There are limits, and having a woman in her nineties bothered by the unpleasant obsessions of others is one of them. It also made me aware of the number of times I had decided not to write something beause of the eyes at the keyhole and I have decided not to continue with this blog...nor with French Leave. The pleasure is tainted.

You have given me so much....friendship, support, information...opened my eyes to so much,...and I am very grateful.

I will continue to blog elsewhere....and would be delighted to give you the new address if you would care to e mail me.


Happy New Year to you all.
 

Thursday, 20 December 2012

You mightn't happen to have a piece of cheese about you, now?

I landed at Juan Santamaria airport on the evening of the eighteenth of December.
The cheese landed on the evening of the nineteenth, having taken a little break in Madrid.

It, and the suitcase containing it, have just been delivered to the door by a charming gentleman who, intrigued by the aroma of his cargo, enquired as to the nature of the contents.
He recoiled as if faced by a striking snake when I freed the zips and with the driving force of a thousand horse the collective odours of the cheeses of France and England made their presence known.

He gathered himself together.

Had something died?

Costa Rica is not a great cheese producing nation.

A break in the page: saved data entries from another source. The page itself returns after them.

(* Let $0<\gamma<1$ and integers $n\ge p\ge2$. Then $$\|B_\gamma^{(p)}\|_F^2\le n+\frac{n}{\Gamma(1-\gamma)^2}H_{p-1}^{(2\gamma)}+\frac{(n-p)(n-p+1)}{2\,\Gamma(1-\gamma)^2}\cdot\frac{1}{(p-1)^{2\gamma}},$$ where $H_m^{(s)}:=\sum_{r=1}^m r^{-s}$. Moreover there is an absolute constant $K$ (independent of $n,p,\gamma$) such that $$\frac{\|B_\gamma^{(p)}\|_F}{\sqrt n}\le\begin{cases}K\,p^{-\gamma}\left(\sqrt{\frac{p}{1/2-\gamma}}+\sqrt n\right), & 0<\gamma<\tfrac12,\\[2pt] K\left(\sqrt{\log p}+\sqrt{n/p}\right), & \gamma=\tfrac12,\\[2pt] K\left(\frac{1}{\sqrt{\gamma-1/2}}+(1-\gamma)\sqrt n\,p^{-\gamma}\right), & \tfrac12<\gamma<1.\end{cases}$$
   Context: $\log$ is the natural logarithm and $\Gamma$ the Gamma function. $E\in\mathbb{R}^{n\times n}$ is the lower-triangular all-ones (prefix-sum) matrix. $(\tilde c_\gamma)_i:=(-1)^i\binom{\gamma}{i}$ with $\binom{\gamma}{i}=\prod_{j=1}^{i}\frac{\gamma+1-j}{j}$. $(C_\gamma^{(p)})^{-1}$ is the $n\times n$ lower-triangular Toeplitz matrix whose $r$-th subdiagonal ($r=0$ the main diagonal) equals $(\tilde c_\gamma)_r$ for $r\le p-1$ and $0$ for $r\ge p$, and $B_\gamma^{(p)}:=E\,(C_\gamma^{(p)})^{-1}$. *)

theory Defs
  imports "HOL-Analysis.Analysis"
begin

text \<open>Matrices are n x n with indices 0..n-1, represented as nat => nat => real.\<close>

definition ctilde :: "real \<Rightarrow> nat \<Rightarrow> real" where
  "ctilde \<gamma> i = (-1) ^ i * (\<gamma> gchoose i)"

All stacked away in the fridge...not ideal, but when in the tropics....I can count my journey as finally over, and look forward to the first band of visitors arriving tonight, the only anxiety being whether - having contumaciously decided to travel via the United States - the packages of whole smoked fish will get past U.S. customs.

I have enjoyed seeing friends, meeting and telephoning fellow bloggers, visiting old haunts and new; have managed to do most of the admin things which needed attention, have visited mother, but am truly relieved to be home, where not only has the kitchen been finished but the exterior of the house has been painted in a most dashing combination of deep yellow and green.

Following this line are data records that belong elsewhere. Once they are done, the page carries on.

lemma prune_leaves_subset: "leaves (fst (prune S T)) (snd (prune S T)) \<subseteq> S"
proof
  fix u assume u: "u \<in> leaves (fst (prune S T)) (snd (prune S T))"
  show "u \<in> S"
  proof (rule ccontr)
    assume "u \<notin> S"
    obtain x y p where "x \<in> S" "y \<in> S" and p: "is_path (snd T) p x y" "u \<in> set p"
      using u unfolding leaves_def prune_def paths_between_def by auto
    then have "u \<noteq> x" "u \<noteq> y"
      using \<open>u \<notin> S\<close> by auto
    then obtain e1 e2 where e: "e1 \<in> path_edges p" "e2 \<in> path_edges p" "u \<in> e1" "u \<in> e2" "e1 \<noteq> e2"
      by (rule interior_vertex_two_path_edges[OF p])
    have "path_edges p \<subseteq> snd (prune S T)"
      using \<open>x \<in> S\<close> \<open>y \<in> S\<close> p(1) unfolding prune_def paths_between_def by auto
    then have "{e1, e2} \<subseteq> {e \<in> snd (prune S T). u \<in> e}"
      using e by auto
    moreover have "card {e \<in> snd (prune S T). u \<in> e} = 1"
      using u unfolding leaves_def by simp
    ultimately show False
      using \<open>e1 \<noteq> e2\<close> by (metis card_1_singletonE insert_subset singletonD)
  qed
qed

lemma steiner_tree_prune:
  assumes T: "steiner_tree V E S' T" and "S \<subseteq> S'" and "S \<noteq> {}"
  shows "steiner_tree V E S (prune S T)"
proof -
  have "is_tree (fst T) (snd T)" and S: "S \<subseteq> fst T"
    using T assms(2) unfolding steiner_tree_def by auto
  then have edges: "\<forall>e\<in>snd T. e \<subseteq> fst T" and conn: "graph_connected (fst T) (snd T)"
    and acyclic: "\<nexists>c. is_cycle (snd T) c"
    unfolding is_tree_def by auto
  have "fst (prune S T) \<noteq> {}"
    using assms(3) subset_prune_vertices[of S T] by blast
  moreover have "\<nexists>c. is_cycle (snd (prune S T)) c"
    using acyclic is_cycle_mono[OF prune_edges_subset[of S T]] by blast
  ultimately have "is_tree (fst (prune S T)) (snd (prune S T))"
    using prune_edges_within[of S T] prune_connected[OF conn S] unfolding is_tree_def by blast
  moreover have "fst (prune S T) \<subseteq> V"
    using prune_vertices_subset[OF edges S] T unfolding steiner_tree_def by blast
  moreover have "snd (prune S T) \<subseteq> E"
    using prune_edges_subset[of S T] T unfolding steiner_tree_def by blast
  ultimately show ?thesis
    using subset_prune_vertices[of S T] prune_leaves_subset[of S T]
    unfolding steiner_tree_def by blast
qed

lemma completely_independentD:
  assumes ci: "completely_independent V E S k T" and "p < k" "q < k" "p \<noteq> q"
  shows "snd (T p) \<inter> snd (T q) = {}" and "fst (T p) \<inter> fst (T q) = S"
    and "x1 \<in> S \<Longrightarrow> x2 \<in> S \<Longrightarrow> is_path (snd (T p)) P x1 x2 \<Longrightarrow> is_path (snd (T q)) Q x1 x2
      \<Longrightarrow> internal_vertices P \<inter> internal_vertices Q = {}"
proof -
  have D: "snd (T i) \<inter> snd (T j) = {}" "fst (T i) \<inter> fst (T j) = S"
    "\<And>x1 x2 P Q. x1 \<in> S \<Longrightarrow> x2 \<in> S \<Longrightarrow> is_path (snd (T i)) P x1 x2 \<Longrightarrow> is_path (snd (T j)) Q x1 x2
      \<Longrightarrow> internal_vertices P \<inter> internal_vertices Q = {}"
    if "i < j" "j < k" for i j
    using ci[unfolded completely_independent_def, THEN conjunct2, rule_format, OF conjI[OF that]]
    by blast+
  show "snd (T p) \<inter> snd (T q) = {}"
    using D(1)[of p q] D(1)[of q p] assms(2-4) by (metis Int_commute linorder_neqE_nat)
  show "fst (T p) \<inter> fst (T q) = S"
    using D(2)[of p q] D(2)[of q p] assms(2-4) by (metis Int_commute linorder_neqE_nat)
  show "internal_vertices P \<inter> internal_vertices Q = {}"
    if "x1 \<in> S" "x2 \<in> S" "is_path (snd (T p)) P x1 x2" "is_path (snd (T q)) Q x1 x2"
    using D(3)[of p q x1 x2 P Q] D(3)[of q p x1 x2 Q P] that assms(2-4)
    by (metis Int_commute linorder_neqE_nat)
qed

lemma completely_independent_steiner_tree:
  "completely_independent V E S k T \<Longrightarrow> i < k \<Longrightarrow> steiner_tree V E S (T i)"
  unfolding completely_independent_def by blast

lemma pruned_trees_avoid_removed_vertex:
  assumes ci: "completely_independent V E (insert v S) m T" and "v \<notin> S"
    and pq: "p < m" "q < m" "p \<noteq> q"
  shows "v \<notin> fst (prune S (T p)) \<inter> fst (prune S (T q))"
proof
  assume v: "v \<in> fst (prune S (T p)) \<inter> fst (prune S (T q))"
  obtain x y where xy: "x \<in> S" "y \<in> S" "on_path (snd (T p)) v x y"
    using IntD1[OF v] unfolding mem_prune_vertices_iff by blast
  obtain x' y' where xy': "x' \<in> S" "y' \<in> S" "on_path (snd (T q)) v x' y'"
    using IntD2[OF v] unfolding mem_prune_vertices_iff by blast
  have split: "on_path (snd (T i)) v a c \<or> on_path (snd (T i)) v c b"
    if "i < m" "on_path (snd (T i)) v a b" "a \<in> S" "b \<in> S" "c \<in> S" for i a b c
  proof -
    have "is_tree (fst (T i)) (snd (T i))" "S \<subseteq> fst (T i)"
      using completely_independent_steiner_tree[OF ci \<open>i < m\<close>] unfolding steiner_tree_def by auto
    then show ?thesis
      using tree_on_path_split that(2-5) by (meson subsetD)
  qed
  obtain a b where "a \<in> S" "b \<in> S" "on_path (snd (T p)) v a b" "on_path (snd (T q)) v a b"
    using splitting_relations_share_pair[of "on_path (snd (T p)) v" "on_path (snd (T q)) v" S,
        OF on_path_sym on_path_sym split[OF pq(1)] split[OF pq(2)] xy(3) xy'(3) xy(1,2) xy'(1,2)]
    by blast
  then obtain P Q where P: "is_path (snd (T p)) P a b" "v \<in> set P"
    and Q: "is_path (snd (T q)) Q a b" "v \<in> set Q"
    unfolding on_path_def by blast
  have "v \<noteq> a" "v \<noteq> b"
    using \<open>a \<in> S\<close> \<open>b \<in> S\<close> \<open>v \<notin> S\<close> by auto
  then have "v \<in> internal_vertices P \<inter> internal_vertices Q"
    using internal_verticesI[OF P] internal_verticesI[OF Q] by blast
  moreover have "internal_vertices P \<inter> internal_vertices Q = {}"
    using completely_independentD(3)[OF ci pq _ _ P(1) Q(1)] \<open>a \<in> S\<close> \<open>b \<in> S\<close> by blast
  ultimately show False
    by blast
qed

lemma completely_independent_prune:
  assumes ci: "completely_independent V E (insert v S) m T" and "v \<notin> S" and "S \<noteq> {}"
  shows "completely_independent V E S m (\<lambda>i. prune S (T i))"
proof -
  have tree: "steiner_tree V E (insert v S) (T i)" if "i < m" for i
    using completely_independent_steiner_tree[OF ci that] .
  have vertices: "S \<subseteq> fst (prune S (T i))" "fst (prune S (T i)) \<subseteq> fst (T i)" if "i < m" for i
    using subset_prune_vertices[of S "T i"] prune_vertices_subset[of "T i" S] tree[OF that]
    unfolding steiner_tree_def is_tree_def by auto
  have "\<forall>i<m. steiner_tree V E S (prune S (T i))"
    using steiner_tree_prune[OF tree _ \<open>S \<noteq> {}\<close>] by blast
  moreover have "\<forall>p q. p < q \<and> q < m \<longrightarrow>
      snd (prune S (T p)) \<inter> snd (prune S (T q)) = {}
      \<and> fst (prune S (T p)) \<inter> fst (prune S (T q)) = S
      \<and> (\<forall>x1\<in>S. \<forall>x2\<in>S. \<forall>P Q. is_path (snd (prune S (T p))) P x1 x2 \<and> is_path (snd (prune S (T q))) Q x1 x2
          \<longrightarrow> internal_vertices P \<inter> internal_vertices Q = {})"
  proof (intro allI impI conjI ballI)
    fix p q assume "p < q \<and> q < m"
    then have pq: "p < m" "q < m" "p \<noteq> q"
      by auto
    show "snd (prune S (T p)) \<inter> snd (prune S (T q)) = {}"
      using completely_independentD(1)[OF ci pq] prune_edges_subset[of S "T p"]
        prune_edges_subset[of S "T q"] by blast
    show "fst (prune S (T p)) \<inter> fst (prune S (T q)) = S"
      using completely_independentD(2)[OF ci pq] pruned_trees_avoid_removed_vertex[OF ci \<open>v \<notin> S\<close> pq]
        vertices[OF pq(1)] vertices[OF pq(2)] by auto
    fix x1 x2 P Q
    assume "x1 \<in> S" "x2 \<in> S"
      and paths: "is_path (snd (prune S (T p))) P x1 x2 \<and> is_path (snd (prune S (T q))) Q x1 x2"
    have "is_path (snd (T p)) P x1 x2" "is_path (snd (T q)) Q x1 x2"
      using paths is_path_mono[OF prune_edges_subset[of S "T p"]]
        is_path_mono[OF prune_edges_subset[of S "T q"]] by auto
    then show "internal_vertices P \<inter> internal_vertices Q = {}"
      using completely_independentD(3)[OF ci pq] \<open>x1 \<in> S\<close> \<open>x2 \<in> S\<close> by blast
  qed
  ultimately show ?thesis
    unfolding completely_independent_def by (rule conjI)
qed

The dogs were as delighted to see me as I was to see them, the newly hatched ducklings are waddling about in their pen and reducing the contents of their water bowl to sludge in the space of an hour, the hoses are laid out for watering and every house I passed on my way home was alive with Christmas lights.
Home.


And what do I remember of my trip?

That the fashion for Mod style pork pie hats has returned for girls in France.

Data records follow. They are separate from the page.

(* Let $T:\mathbb{R}_+^N\to\mathbb{R}_{++}^N$ be a standard interference mapping, let $\|\cdot\|_a$ and $\|\cdot\|_b$ be monotone norms on $\mathbb{R}^N$, and let $E$ be the $\|\cdot\|_b$-energy efficiency function defined in the context. Then $E$ is non-increasing: for all $\bar p_1>\bar p_2>0$, $E(\bar p_1)\le E(\bar p_2)$.
   Context: Vector inequalities are coordinatewise; $\mathbb{R}_+$, $\mathbb{R}_{++}$ denote nonnegative and positive reals. A norm $\|\cdot\|$ on $\mathbb{R}^N$ is monotone if $\mathbf{0}\le\mathbf{x}\le\mathbf{y}$ implies $\|\mathbf{x}\|\le\|\mathbf{y}\|$. A function $f:\mathbb{R}^N\to\mathbb{R}_{++}\cup\{\infty\}$ is a standard interference function if: (1) for all $\mathbf{x}\in\mathbb{R}_+^N$ and all $\alpha>1$, $\alpha f(\mathbf{x})>f(\alpha\mathbf{x})$; (2) for all $\mathbf{x}_1,\mathbf{x}_2\in\mathbb{R}_+^N$, $\mathbf{x}_1\ge\mathbf{x}_2$ implies $f(\mathbf{x}_1)\ge f(\mathbf{x}_2)$; (3) $f(\mathbf{x})=\infty$ iff $\mathbf{x}\notin\mathbb{R}_+^N$. A standard interference mapping is $T:\mathbb{R}_+^N\to\mathbb{R}_{++}^N$, $T(\mathbf{x})=(t_1(\mathbf{x}),\dots,t_N(\mathbf{x}))$, with each $t_i$ a standard interference function. For a power budget $\bar p>0$, consider the problem: maximize $c$ over $(\mathbf{p},c)\in\mathbb{R}_+^N\times\mathbb{R}_{++}$ subject to $\mathbf{p}=cT(\mathbf{p})$ and $\|\mathbf{p}\|_a\le\bar p$. It is known that this problem has a unique solution $(\mathbf{p}_{\bar p},c_{\bar p})\in\mathbb{R}_{++}^N\times\mathbb{R}_{++}$, and that $\bar p_1>\bar p_2>0$ implies $\mathbf{p}_{\bar p_1}>\mathbf{p}_{\bar p_2}$ coordinatewise. Define $U(\bar p):=c_{\bar p}$, $P(\bar p):=\mathbf{p}_{\bar p}$, and $E(\bar p):=U(\bar p)/\|P(\bar p)\|_b$, which equals $1/\|T(\mathbf{p}_{\bar p})\|_b$. *)

theory Defs
  imports "HOL-Analysis.Analysis"
begin

definition nonneg_vec :: "real ^ 'n \<Rightarrow> bool" where
  "nonneg_vec x \<longleftrightarrow> (\<forall>i. 0 \<le> x $ i)"

definition vec_le :: "real ^ 'n \<Rightarrow> real ^ 'n \<Rightarrow> bool" where
  "vec_le x y \<longleftrightarrow> (\<forall>i. x $ i \<le> y $ i)"

definition is_norm :: "(real ^ 'n \<Rightarrow> real) \<Rightarrow> bool" where
  "is_norm nm \<longleftrightarrow>
     (\<forall>x. 0 \<le> nm x) \<and> (\<forall>x. nm x = 0 \<longleftrightarrow> x = 0) \<and>
     (\<forall>a x. nm (a *\<^sub>R x) = \<bar>a\<bar> * nm x) \<and>
     (\<forall>x y. nm (x + y) \<le> nm x + nm y)"

definition monotone_norm :: "(real ^ 'n \<Rightarrow> real) \<Rightarrow> bool" where
  "monotone_norm nm \<longleftrightarrow> is_norm nm \<and>
     (\<forall>x y. nonneg_vec x \<and> vec_le x y \<longrightarrow> nm x \<le> nm y)"

text \<open>Standard interference function, considered on its effective domain R_+^N
  (outside R_+^N its value is +infinity by convention, which is not recorded).\<close>
definition standard_interference_function :: "(real ^ 'n \<Rightarrow> real) \<Rightarrow> bool" where
  "standard_interference_function f \<longleftrightarrow>
     (\<forall>x. nonneg_vec x \<longrightarrow> 0 < f x) \<and>
     (\<forall>x \<alpha>. nonneg_vec x \<and> 1 < \<alpha> \<longrightarrow> f (\<alpha> *\<^sub>R x) < \<alpha> * f x) \<and>
     (\<forall>x1 x2. nonneg_vec x1 \<and> nonneg_vec x2 \<and> vec_le x2 x1 \<longrightarrow> f x2 \<le> f x1)"

definition standard_interference_mapping :: "(real ^ 'n \<Rightarrow> real ^ 'n) \<Rightarrow> bool" where
  "standard_interference_mapping T \<longleftrightarrow>
     (\<forall>i. standard_interference_function (\<lambda>x. T x $ i))"

definition feasible ::
  "(real ^ 'n \<Rightarrow> real ^ 'n) \<Rightarrow> (real ^ 'n \<Rightarrow> real) \<Rightarrow> real \<Rightarrow> real ^ 'n \<Rightarrow> real \<Rightarrow> bool" where
  "feasible T na pbar p c \<longleftrightarrow>
     nonneg_vec p \<and> 0 < c \<and> p = c *\<^sub>R T p \<and> na p \<le> pbar"

definition is_solution ::
  "(real ^ 'n \<Rightarrow> real ^ 'n) \<Rightarrow> (real ^ 'n \<Rightarrow> real) \<Rightarrow> real \<Rightarrow> real ^ 'n \<Rightarrow> real \<Rightarrow> bool" where
  "is_solution T na pbar p c \<longleftrightarrow>
     feasible T na pbar p c \<and> (\<forall>p' c'. feasible T na pbar p' c' \<longrightarrow> c' \<le> c)"

definition sol :: "(real ^ 'n \<Rightarrow> real ^ 'n) \<Rightarrow> (real ^ 'n \<Rightarrow> real) \<Rightarrow> real \<Rightarrow> (real ^ 'n) \<times> real" where
  "sol T na pbar = (THE pc. is_solution T na pbar (fst pc) (snd pc))"

definition U :: "(real ^ 'n \<Rightarrow> real ^ 'n) \<Rightarrow> (real ^ 'n \<Rightarrow> real) \<Rightarrow> real \<Rightarrow> real" where
  "U T na pbar = snd (sol T na pbar)"

definition P :: "(real ^ 'n \<Rightarrow> real ^ 'n) \<Rightarrow> (real ^ 'n \<Rightarrow> real) \<Rightarrow> real \<Rightarrow> real ^ 'n" where
  "P T na pbar = fst (sol T na pbar)"

definition E ::
  "(real ^ 'n \<Rightarrow> real ^ 'n) \<Rightarrow> (real ^ 'n \<Rightarrow> real) \<Rightarrow> (real ^ 'n \<Rightarrow> real) \<Rightarrow> real \<Rightarrow> real" where
  "E T na nb pbar = U T na pbar / nb (P T na pbar)"

end

theory Submission
  imports Defs
begin

text \<open>At the optimum \<open>p = c T(p)\<close>, so \<open>E = c / \<parallel>c T(p)\<parallel>\<^sub>b = 1 / \<parallel>T(p)\<parallel>\<^sub>b\<close>. Since the optimal
  power vector grows with the budget and \<open>T\<close> and \<open>\<parallel>\<cdot>\<parallel>\<^sub>b\<close> are monotone, \<open>\<parallel>T(p)\<parallel>\<^sub>b\<close> grows too.\<close>

lemma is_norm_scaleR:
  assumes "is_norm nm"
  shows "nm (c *\<^sub>R x) = \<bar>c\<bar> * nm x"
  using assms unfolding is_norm_def by blast

lemma is_norm_pos:
  assumes "is_norm nm" and "x \<noteq> 0"
  shows "0 < nm x"
  using assms unfolding is_norm_def by (metis order_le_less)

lemma standard_interference_mapping_pos:
  assumes "standard_interference_mapping T" and "nonneg_vec x"
  shows "0 < T x $ i"
  using assms unfolding standard_interference_mapping_def standard_interference_function_def
  by blast

lemma standard_interference_mapping_nonneg:
  assumes "standard_interference_mapping T" and "nonneg_vec x"
  shows "nonneg_vec (T x)"
  using standard_interference_mapping_pos[OF assms] unfolding nonneg_vec_def
  by (simp add: less_imp_le)

lemma standard_interference_mapping_nonzero:
  assumes "standard_interference_mapping T" and "nonneg_vec x"
  shows "T x \<noteq> 0"
  using standard_interference_mapping_pos[OF assms] by (metis less_irrefl zero_index)

lemma standard_interference_mapping_mono:
  assumes "standard_interference_mapping T"
    and "nonneg_vec x" and "nonneg_vec y" and "vec_le x y"
  shows "vec_le (T x) (T y)"
  using assms
  unfolding vec_le_def standard_interference_mapping_def standard_interference_function_def
  by blast

lemma monotone_norm_mono_standard_interference:
  assumes "monotone_norm nm" and "standard_interference_mapping T"
    and "nonneg_vec x" and "nonneg_vec y" and "vec_le x y"
  shows "nm (T x) \<le> nm (T y)"
  using assms standard_interference_mapping_nonneg standard_interference_mapping_mono
  unfolding monotone_norm_def by blast

lemma is_solution_sol:
  assumes "\<exists>!pc. is_solution T na pbar (fst pc) (snd pc)"
  shows "is_solution T na pbar (P T na pbar) (U T na pbar)"
  using theI'[OF assms] unfolding sol_def P_def U_def .

lemma feasible_E_eq:
  assumes "standard_interference_mapping T" and "is_norm nb"
    and "feasible T na pbar p c"
  shows "c / nb p = 1 / nb (T p)"
proof -
  have "0 < c" and p_eq: "p = c *\<^sub>R T p" and "nonneg_vec p"
    using assms(3) unfolding feasible_def by auto
  moreover have "0 < nb (T p)"
    using is_norm_pos[OF assms(2) standard_interference_mapping_nonzero[OF assms(1)]]
      \<open>nonneg_vec p\<close> .
  ultimately show ?thesis
    using is_norm_scaleR[OF assms(2), of c "T p"] p_eq by simp
qed

lemma E_eq_inverse_norm_T:
  assumes "standard_interference_mapping T" and "is_norm nb"
    and "\<exists>!pc. is_solution T na pbar (fst pc) (snd pc)"
  shows "E T na nb pbar = 1 / nb (T (P T na pbar))"
  using feasible_E_eq[OF assms(1,2)] is_solution_sol[OF assms(3)]
  unfolding E_def is_solution_def by blast

theorem lemma2:
  fixes T :: "real ^ 'n \<Rightarrow> real ^ 'n"
    and na nb :: "real ^ 'n \<Rightarrow> real"
  assumes "standard_interference_mapping T"
    and "monotone_norm na"
    and "monotone_norm nb"
    and known_unique: "\<And>pbar. 0 < pbar \<Longrightarrow>
           \<exists>!pc. is_solution T na pbar (fst pc) (snd pc)"
    and known_pos: "\<And>pbar i. 0 < pbar \<Longrightarrow> 0 < P T na pbar $ i"
    and known_mono: "\<And>pbar1 pbar2 i. pbar1 > pbar2 \<Longrightarrow> pbar2 > 0 \<Longrightarrow>
           P T na pbar1 $ i > P T na pbar2 $ i"
  shows "\<forall>pbar1 pbar2. pbar1 > pbar2 \<and> pbar2 > 0 \<longrightarrow> E T na nb pbar1 \<le> E T na nb pbar2"
proof (intro allI impI, elim conjE)
  fix p1 p2 :: real
  assume "p1 > p2" "p2 > 0"
  have nb: "is_norm nb" using assms(3) unfolding monotone_norm_def by simp
  have E_eq: "E T na nb p = 1 / nb (T (P T na p))" if "0 < p" for p
    using E_eq_inverse_norm_T[OF assms(1) nb known_unique[OF that]] .
  have nonneg: "nonneg_vec (P T na p)" if "0 < p" for p
    using known_pos[OF that] unfolding nonneg_vec_def by (simp add: less_imp_le)
  have "vec_le (P T na p2) (P T na p1)"
    unfolding vec_le_def using known_mono[OF \<open>p1 > p2\<close> \<open>p2 > 0\<close>] by (simp add: less_imp_le)
  then have "nb (T (P T na p2)) \<le> nb (T (P T na p1))"
    using monotone_norm_mono_standard_interference[OF assms(3,1)] nonneg \<open>p1 > p2\<close> \<open>p2 > 0\<close>
    by simp
  moreover have "0 < nb (T (P T na p2))"
    using is_norm_pos[OF nb standard_interference_mapping_nonzero[OF assms(1) nonneg]] \<open>p2 > 0\<close> .
  ultimately show "E T na nb p1 \<le> E T na nb p2"
    using E_eq \<open>p1 > p2\<close> \<open>p2 > 0\<close> by (simp add: frac_le)
qed

end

That ankle boots are worn...usually looking incongruous on the end of stick thin legs.

That travel by Eurolines resembles an ill managed retreat from Moscow.....
Firstly, their bus no longer leaves outside the front door of Tours station but from a layby about a kilometre away down a dingy side street deserted at night, where the office does not open until you have started to board the bus, only to be repelled and sent to the office to get a boarding pass.
Then you are decanted  at Lille station in the dark of a winter morning where the perversity of SNCF is such that it first refuses to open the doors, leaving the Eurolines stragglers outside in the wind tunnel and then refuses to close them, so that the said stragglers have to find refuge from the chill in the only warm places - the ticket office and the loos, the haunts of SNCF employees.
Staff at the franchised caffs have to work in the cold.
Unloading the luggage at the Chunnel  is another joy.....large smug young customs officers watching tired travellers struggling to put luggage on a scanner, the ritual stop and search of a Bulgarian, the queue for the loos.....the only pleasure being on the approaches to Victoria Coach station where social mobility is such that areas of the South Circular are becoming sub gentrified.

That a first visit to Spain was a delight.

That while the majority of men above middle age in Southampton are well built and fair haired those characteristics seem to disappear when considering younger men.

That travelling on the bus in Southampton is a friendly, chatty affair.

That the carol concert by candlelight would have been improved by some mulled wine.

That the food available in the U.K. is infinitely varied and of good quality.

That my days of lumbering two overloaded suitcases, a cabin bag and handbag across Europe are over.


Roll on Christmas, I'm just about ready for it. Cheese and all.